"After this, one John Tregeagle, Esq., who was steward to John, Earl of Radnor, being then a Justice of Peace in Cornwall, sent his warrant for Anne, and sent her to Bodmin jail, and there kept her a long time. That day the constable came to execute his warrant, Anne milking the cows, the fairies appeared to her and told her that a constable would come that day with a warrant to carry her before a justice of the peace, and she would be sent to jail. She asked them if she should hide herself. They answered, No, she should fear nothing, but go with the constable. So she went with the constable to the justice, and he sent her to Bodmin jail and ordered the prison-keeper that she should be kept without victuals; and she was so kept, and yet she lived, and that without complaining.
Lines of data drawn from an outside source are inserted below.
lemma matrix_inv_eq_J2_quasidets:
  fixes A :: "'a::ring_1^2^2"
  assumes "invertible A" "A \<in> unit_mats"
  shows "quasidets A \<in> unit_mats" "matrix_inv A = J2 (quasidets A)"
proof -
  obtain a b c d where A: "A = mat2 a b c d" by (metis mat2_eta)
  obtain x y z w where N: "matrix_inv A = mat2 x y z w" by (metis mat2_eta)
  have u: "is_runit a" "is_runit b" "is_runit c" "is_runit d"
    using assms(2) by (simp_all add: A mat2_in_unit_mats_iff)
  have "a * x + b * z = 1" "a * y + b * w = 0" "c * x + d * z = 0" "c * y + d * w = 1"
    "x * a + y * c = 1" "x * b + y * d = 0" "z * a + w * c = 0" "z * b + w * d = 1"
    using invertible_matrix_inv(1,2)[OF assms(1)] unfolding N by (simp_all add: A mat2_inverse_iff)
  \<comment> \<open>each quasideterminant is the Schur complement of A with rows and/or columns swapped\<close>
  then have "is_runit (a - b * rinv d * c) \<and> rinv (a - b * rinv d * c) = x"
    "is_runit (b - a * rinv c * d) \<and> rinv (b - a * rinv c * d) = z"
    "is_runit (c - d * rinv b * a) \<and> rinv (c - d * rinv b * a) = y"
    "is_runit (d - c * rinv a * b) \<and> rinv (d - c * rinv a * b) = w"
    using schur_complement_rinv[of a x b z c d y] schur_complement_rinv[of b z a x d c w]
      schur_complement_rinv[of c y d w a b x] schur_complement_rinv[of d w c y b a z] u
    by (simp_all add: add.commute)
  then show "quasidets A \<in> unit_mats" "matrix_inv A = J2 (quasidets A)"
    unfolding N by (simp_all add: A quasidets_mat2 mat2_in_unit_mats_iff J2_mat2)
qed

context
  fixes a b c d :: "'a::ring_1"
  assumes units: "is_runit a" "is_runit b" "is_runit c" "is_runit d"
begin

private lemmas inverses = runit_rinv_inverse[OF units(1)] runit_rinv_inverse[OF units(2)]
  runit_rinv_inverse[OF units(3)] runit_rinv_inverse[OF units(4)]

lemma quasidets_mat2_units:
  "quasidets (mat2 a b c d) =
     (let Q = d * rinv b - c * rinv a in
      mat2 (b * rinv d * Q * a) (- (a * rinv c * Q * b)) (- (Q * a)) (Q * b))"
  using inverses by (simp add: quasidets_mat2 algebra_simps mult_cancel_left_inverse)

lemma quasidets_J2_mat2_units:
  "quasidets (J2 (mat2 a b c d)) =
     (let Q = d * rinv b - c * rinv a in
      mat2 (- (rinv c * Q)) (rinv a * b * rinv d * Q * a * rinv c) (rinv d * Q)
        (- (rinv d * Q * a * rinv c)))"
  using inverses units
  by (simp add: J2_mat2 quasidets_mat2 rinv_rinv algebra_simps mult_cancel_left_inverse)

lemma invertible_mat2_units_iff:
  "invertible (mat2 a b c d) \<longleftrightarrow> is_runit (d * rinv b - c * rinv a)"
proof -
  have "a - b * rinv d * c = (b * rinv d) * (d * rinv b - c * rinv a) * a"
    using inverses by (simp add: algebra_simps mult_cancel_left_inverse)
  then show ?thesis
    using invertible_mat2_iff_schur_complement[OF units(4)] is_runit_sandwich_iff
      is_runit_mult(1) is_runit_rinv units by metis
qed

lemma invertible_J2_mat2_units_iff:
  "invertible (J2 (mat2 a b c d)) \<longleftrightarrow> is_runit (d * rinv b - c * rinv a)"
proof -
  have "rinv a - rinv c * rinv (rinv d) * rinv b = - (rinv c * (d * rinv b - c * rinv a))"
    using inverses units by (simp add: rinv_rinv algebra_simps mult_cancel_left_inverse)
  then show ?thesis
    using invertible_mat2_iff_schur_complement[OF is_runit_rinv[OF units(4)]]
      is_runit_mult_left_iff is_runit_rinv is_runit_uminus_iff units
    by (metis J2_mat2)
qed
text \<open>Conjugating by \<open>J\<close> turns \<open>X\<close> into a bounded linear operator \<open>Y = J X\<close> that commutes
  with the shift. Writing \<open>f = f 0 + z (tail f)\<close> and recursing on the coefficients shows that
  \<open>Y f\<close> is the Cauchy product of \<open>f\<close> with \<open>g = Y 1\<close>, i.e. \<open>Y\<close> is multiplication by
  \<open>\<theta> = \<Sum> g\<^sub>n z\<^sup>n\<close>. Then \<open>\<theta>\<^sup>m = Y\<^sup>m 1\<close> has norm at most \<open>\<parallel>Y\<parallel>\<^sup>m\<close>, and since point evaluation
  at \<open>\<bar>z\<bar> < 1\<close> is a bounded functional, \<open>\<bar>\<theta> z\<bar>\<^sup>m \<le> K\<^sub>z \<parallel>Y\<parallel>\<^sup>m\<close> for all \<open>m\<close>, whence
  \<open>\<bar>\<theta> z\<bar> \<le> \<parallel>Y\<parallel>\<close>. Conversely, any multiplication operator commutes with multiplication by \<open>z\<close>,
  and so does \<open>J\<close>.\<close>

lemma H2_fun_eq_eval_fps: "H2_fun a = eval_fps (Abs_fps a)"
  by (simp add: fun_eq_iff H2_fun_def eval_fps_def)

lemma Abs_fps_Mz: "Abs_fps (Mz a) = fps_X * Abs_fps a"
  by (simp add: fps_eq_iff Mz_def)

lemma Abs_fps_eq_const_plus_X_mult_tail:
  fixes a :: "nat \<Rightarrow> complex"
  shows "Abs_fps a = fps_const (a 0) + fps_X * Abs_fps (\<lambda>k. a (Suc k))"
  by (simp add: fps_eq_iff split: nat.split)

definition H2_one :: "nat \<Rightarrow> complex" where
  "H2_one = fps_nth 1"

lemma Abs_fps_H2_one [simp]: "Abs_fps H2_one = 1"
  by (simp add: H2_one_def fps_nth_inverse)

lemma J_J [simp]: "J (J a) = a"
  by (simp add: J_def)

lemma J_Mz: "J (Mz a) = Mz (J a)"
  by (simp add: fun_eq_iff J_def Mz_def)
lemma ts_defect_sum_empty: "b \<le> a \<Longrightarrow> ts_defect_sum T k a b = 0"
  unfolding ts_defect_sum_def by simp

lemma ts_defect_sum_split:
  assumes "a \<le> b" "b \<le> c" "b \<in> T" "c \<in> T" "k \<ge> 0"
  shows "ts_defect_sum T k a c = ts_defect_sum T k a b + ts_defect_sum T k b c"
proof -
  have "ts_right_scattered T \<inter> {a..<c} =
      (ts_right_scattered T \<inter> {a..<b}) \<union> (ts_right_scattered T \<inter> {b..<c})"
    using assms by auto
  thus ?thesis unfolding ts_defect_sum_def
    by (simp only:) (rule infsum_Un_disjoint[OF ts_defect_summable_on[OF assms(3,5)]
        ts_defect_summable_on[OF assms(4,5)]], auto)
qed

lemma ts_defect_sum_bounds:
  assumes "b \<in> T" "a \<le> b" "k \<ge> 0"
  shows "0 \<le> ts_defect_sum T k a b" "ts_defect_sum T k a b \<le> k\<^sup>2 * (b - a)\<^sup>2"
proof -
  show "0 \<le> ts_defect_sum T k a b" unfolding ts_defect_sum_def
    by (rule infsum_nonneg) (use ln_defect_bounds ts_mu_nonneg assms(3) in simp)
  have "ts_defect_sum T k a b \<le>
      infsum (\<lambda>u. k\<^sup>2 * (b - a) * ts_mu T u) (ts_right_scattered T \<inter> {a..<b})"
    unfolding ts_defect_sum_def
  proof (rule infsum_mono[OF ts_defect_summable_on[OF assms(1,3)]
        summable_on_cmult_right[OF ts_mu_summable_on[OF assms(1)]]])
    fix u assume u: "u \<in> ts_right_scattered T \<inter> {a..<b}"
    have mu: "0 \<le> ts_mu T u" "ts_mu T u \<le> b - a"
      using ts_sigma_le[OF assms(1), of u] u ts_mu_nonneg
      by (auto simp: ts_mu_def ts_right_scattered_def)
    have "ln_defect (k * ts_mu T u) \<le> k\<^sup>2 * ts_mu T u * ts_mu T u"
      using ln_defect_bounds(3)[of "k * ts_mu T u"] mu assms(3) by (simp add: power2_eq_square ac_simps)
    also have "\<dots> \<le> k\<^sup>2 * (b - a) * ts_mu T u"
      using mu by (intro mult_right_mono mult_left_mono) auto
    finally show "ln_defect (k * ts_mu T u) \<le> k\<^sup>2 * (b - a) * ts_mu T u" .
  qed
  also have "\<dots> = k\<^sup>2 * (b - a) * infsum (ts_mu T) (ts_right_scattered T \<inter> {a..<b})"
    by (rule infsum_cmult_right[OF ts_mu_summable_on[OF assms(1)]])
  also have "\<dots> \<le> k\<^sup>2 * (b - a) * (b - a)"
    using assms(2) by (intro mult_left_mono infsum_ts_mu_le[OF assms(1,2)]) auto
  finally show "ts_defect_sum T k a b \<le> k\<^sup>2 * (b - a)\<^sup>2" by (simp add: power2_eq_square)
qed

lemma ts_exp_log_same: "ts_exp_log T k t0 t0 = 0"
  by (simp add: ts_exp_log_def ts_defect_sum_empty)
When the sessions came, the justices of the peace sent their warrant to one Giles Bawden, a neighbour of ours, who was then a constable, for my mother and myself to appear before them, at the sessions, to answer such questions as should be demanded of us about our poor maid Anne.

"Bodmin was eight miles from my father's. When we came to the sessions, the first who was called in before the justices was my mother. What questions they asked her I do not remember. When they had done examining her, they desired her to withdraw. As soon as she came forth I was brought in, and called to the upper end of the table to be examined, and there was the clerk of the peace, with the pen ready in his hand, to take my examination. The first question they asked me was, 'What have you got in your pockets?' I answered, 'Nothing, sir, but my cuffs': which I immediately plucked out and I showed them. The second question to me was, If I had any victuals in my pockets for my maid Anne? I answered I had not; and so they dismissed me, as well as my mother. But poor Anne lay in jail for a considerable time after; and also Justice Tregeagle, who was her great persecutor, kept her in his house some time as a prisoner, and that without victuals. And at last when Anne was discharged out of prison, the justice made an order that Anne should not live any more with my father. Whereupon my father's only sister, Mrs. Frances Tom, a widow, near Padstow, took Anne into her family, and there she lived a considerable time and did many cures; but what they were, my kinsman, Mr. William Tom, who there lived in the house with his mother, can give your lordship the best account of any I know living, except Anne herself. And from hence she went to live with her own brother, and, in process of time, married, etc.

"I am your lordship's most humble and dutiful servant,

"Moses Pitt.

"May 1st, 1699."


There are several points to be considered in this curious story. It is written in all good faith, and is an honest account of what Pitt remembered of events that took place some fifty years previously, when he was a boy.

There is nothing in the first portion of the story that cannot be explained without the intervention of fairies or pixies; but it is not so easy to account for Anne's abstaining wholly from the food of mortals like herself and being sustained on fairy food. It is not uncommon for women to pretend that they do not eat; there have been many "fasting girls," but all have been shown up to be impostors. In this case, however, Anne Jefferies did not pretend to be a fasting girl, but to be nourished by fairies. In the house of the Pitts she might have surreptitiously procured food, but this she could not do in the jail at Bodmin, nor in the house of Justice Tregeagle.

As to the cures she wrought, they are to be put in the same category as faith cures all the world over, whether performed at Lourdes, or by Christian scientists, or by Shamans in the steppes of Tartary.

Moses Pitt, the writer of the letter, was the son of John Pitt, yeoman, of S. Teath; he was bound apprentice to Robert Litterbury, citizen and haberdasher, in London, for seven years from October 1st, 1654. He became a foreman of the Haberdashers' Company 8th November, 1661, and started as a publisher and speculative builder. In 1680 he began to issue The English Atlas at his shop "The Angel," in S. Paul's Churchyard. It was to be in twelve volumes, and was dedicated to the King, but was never completed, as he got into difficulties. In the first place he became sole executor to a Captain Richard Mill, who had tenant right to the "Blue Boar's Head," in King Street, Westminster, at an annual rent of £20. Pitt had to pay this, and also Captain Mill's widow an annuity of £50. But he found the "Blue Boar's Head" so dilapidated that he had to rebuild it at a heavy outlay before he could let it. Then he had a quarrel with a neighbour about a party wall he was rebuilding, leading to law proceedings, and Pitt was cast in costs and damages. But his most serious loss was entailed by his building a house for Lord Chancellor Jeffreys, which that judge agreed to take at £300 per annum. As part of the land on which it was to be built was Crown property, Jeffreys guaranteed Pitt that he would obtain a lease for ninety-nine years of it, and bade him hurry on the building. When Pitt had spent £4000 on it, Jeffreys was disgraced and fell, owing to the flight of James II and the advent of William of Orange. Pitt, greatly embarrassed for money, fled to Ireland; he mortgaged his estates for £3000, but as his creditors were not satisfied, he was finally arrested and sent to the Fleet Prison April 18th, 1689, where he remained till the 16th May, 1691, when he was transferred to the King's Bench.